▸ **TASK DESCRIPTION**: An exact reproduction of the lines from the one with "using resolvent_nonneg[of x" to the end of the data below is required. No other lines may be included.
GIVEN DATA Block Start
lemma irreducible_stochastic_subharmonic:
  fixes B M :: "real^'n^'n"
  assumes M: "row_stochastic M" "irreducible_mat M"
    and B: "mat_nonneg B" "mat_le B M"
    and y: "\<And>i. y $ i \<le> (B *v y) $ i" and pos: "0 < y $ i0"
  shows "B = M" and "y $ i = y $ j"
proof -
  obtain m where m: "\<And>j. y $ j \<le> y $ m"
    using finite_type_argmax[of "\<lambda>j. y $ j"] by blast
  define S where "S = {p. y $ p = y $ m}"
  (* At a maximum p of y the chain y_p <= (B y)_p <= (sum_l B_pl) y_p <= y_p is tight: row p of B
     equals row p of M, and y is maximal wherever B_pl > 0. Irreducibility spreads this to all p. *)
  have row: "B $ p $ l = M $ p $ l \<and> (0 < B $ p $ l \<longrightarrow> l \<in> S)" if "p \<in> S" for p l
  proof -
    have ym: "0 < y $ m" using pos m[of i0] by simp
    have t1: "0 \<le> (M $ p $ l - B $ p $ l) * y $ m" for l
      using B(2) ym unfolding mat_le_def by simp
    have t2: "0 \<le> B $ p $ l * (y $ m - y $ l)" for l
      using B(1) m[of l] unfolding mat_nonneg_def by simp
    define t where "t l = (M $ p $ l - B $ p $ l) * y $ m + B $ p $ l * (y $ m - y $ l)" for l
    have t_nonneg: "0 \<le> t l" for l
      unfolding t_def using t1 t2 by (rule add_nonneg_nonneg)
    have "t l = M $ p $ l * y $ m - B $ p $ l * y $ l" for l
      unfolding t_def by (simp add: algebra_simps)
    then have "(\<Sum>l\<in>UNIV. t l) = (\<Sum>l\<in>UNIV. M $ p $ l) * y $ m - (B *v y) $ p"
      by (simp add: sum_subtractf sum_distrib_right matrix_vector_mult_def)
    also have "\<dots> \<le> 0"
      using y[of p] that row_stochastic_row_sum[OF M(1)] unfolding S_def by simp
    finally have "t l = 0"
      using sum_nonneg_eq_0_iff[of UNIV t] t_nonneg by (simp add: order_antisym sum_nonneg)
    then have "(M $ p $ l - B $ p $ l) * y $ m = 0" "B $ p $ l * (y $ m - y $ l) = 0"
      using t1[of l] t2[of l] unfolding t_def by linarith+
    then show ?thesis
      using ym unfolding S_def by auto
  qed
  have S: "p \<in> S" for p
  proof (rule irreducible_mat_closed_set[OF M(2)])
    show "mat_nonneg M" using M(1) unfolding row_stochastic_def by simp
    show "m \<in> S" unfolding S_def by simp
  qed (use row in force)
  show "B = M" using row S by (simp add: vec_eq_iff)
  show "y $ i = y $ j" using S[of i] S[of j] unfolding S_def by simp
qed

lemma irreducible_stochastic_fixed_vector:
  fixes M :: "real^'n^'n"
  assumes M: "row_stochastic M" "irreducible_mat M" and y: "M *v y = y"
  obtains c where "y = c *\<^sub>R ones"
proof -
  fix i0 :: 'n
  define y' where "y' = y + (1 - y $ i0) *\<^sub>R ones"
  have "M *v y' = y'"
    using y M(1) unfolding y'_def row_stochastic_def
    by (simp add: matrix_vector_right_distrib matrix_vector_mult_scaleR)
  then have "y' $ i = y' $ i0" for i
    using irreducible_stochastic_subharmonic[OF M _ mat_le_refl, of y' i0]
    using M(1) unfolding row_stochastic_def by (simp add: y'_def)
  then have "y = y $ i0 *\<^sub>R ones"
    unfolding y'_def by (simp add: vec_eq_iff)
  then show ?thesis by (rule that)
qed

lemma irreducible_stochastic_resolvent_nonneg:
  fixes B M :: "real^'n^'n"
  assumes M: "row_stochastic M" "irreducible_mat M"
    and B: "mat_nonneg B" "mat_le B M" "B \<noteq> M"
    and x: "\<And>i. 0 \<le> ((mat 1 - B) *v x) $ i"
  shows "0 \<le> x $ i"
proof (rule ccontr)
  assume "\<not> 0 \<le> x $ i"
  moreover have "(- x) $ j \<le> (B *v (- x)) $ j" for j
    using x[of j] by (simp add: matrix_vector_mult_diff_rdistrib matrix_vector_mult_uminus_right)
  ultimately have "B = M"
    using irreducible_stochastic_subharmonic(1)[OF M B(1,2), of "- x" i] by simp
  with B(3) show False ..
qed

lemma irreducible_stochastic_resolvent:
  fixes B M :: "real^'n^'n"
  assumes M: "row_stochastic M" "irreducible_mat M"
    and B: "mat_nonneg B" "mat_le B M" "B \<noteq> M"
  shows "invertible (mat 1 - B)" and "mat_nonneg (matrix_inv (mat 1 - B))"
proof -
  note resolvent_nonneg = irreducible_stochastic_resolvent_nonneg[OF M B]
  have "x = 0" if "(mat 1 - B) *v x = 0" for x
  proof -
    have "0 \<le> x $ i" "0 \<le> (- x) $ i" for i
      using resolvent_nonneg[of x i] resolvent_nonneg[of "- x" i] that
      by (simp_all add: matrix_vector_mult_uminus_right)
    then show ?thesis by (simp add: vec_eq_iff order_antisym)
  qed
  then show inv: "invertible (mat 1 - B)"
    unfolding invertible_left_inverse matrix_left_invertible_ker by blast
  show "mat_nonneg (matrix_inv (mat 1 - B))"
    unfolding mat_nonneg_def
  proof (intro allI)
    fix i j
    have column: "(mat 1 - B) *v (matrix_inv (mat 1 - B) *v axis j 1) = axis j 1"
      using matrix_inv_invertible(1)[OF inv] by (simp add: matrix_vector_mul_assoc)
    have "0 \<le> (matrix_inv (mat 1 - B) *v axis j 1) $ i"
      by (rule resolvent_nonneg) (simp only: column, simp add: axis_def)
    then show "0 \<le> matrix_inv (mat 1 - B) $ i $ j"
      by (simp add: matrix_vector_mult_axis)
  qed
qed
GIVEN DATA Block End
▸ **WRITTEN SOLUTION**:
      using resolvent_nonneg[of x i] resolvent_nonneg[of "- x" i] that
      by (simp_all add: matrix_vector_mult_uminus_right)
    then show ?thesis by (simp add: vec_eq_iff order_antisym)
  qed
  then show inv: "invertible (mat 1 - B)"
    unfolding invertible_left_inverse matrix_left_invertible_ker by blast
  show "mat_nonneg (matrix_inv (mat 1 - B))"
    unfolding mat_nonneg_def
  proof (intro allI)
    fix i j
    have column: "(mat 1 - B) *v (matrix_inv (mat 1 - B) *v axis j 1) = axis j 1"
      using matrix_inv_invertible(1)[OF inv] by (simp add: matrix_vector_mul_assoc)
    have "0 \<le> (matrix_inv (mat 1 - B) *v axis j 1) $ i"
      by (rule resolvent_nonneg) (simp only: column, simp add: axis_def)
    then show "0 \<le> matrix_inv (mat 1 - B) $ i $ j"
      by (simp add: matrix_vector_mult_axis)
  qed
qed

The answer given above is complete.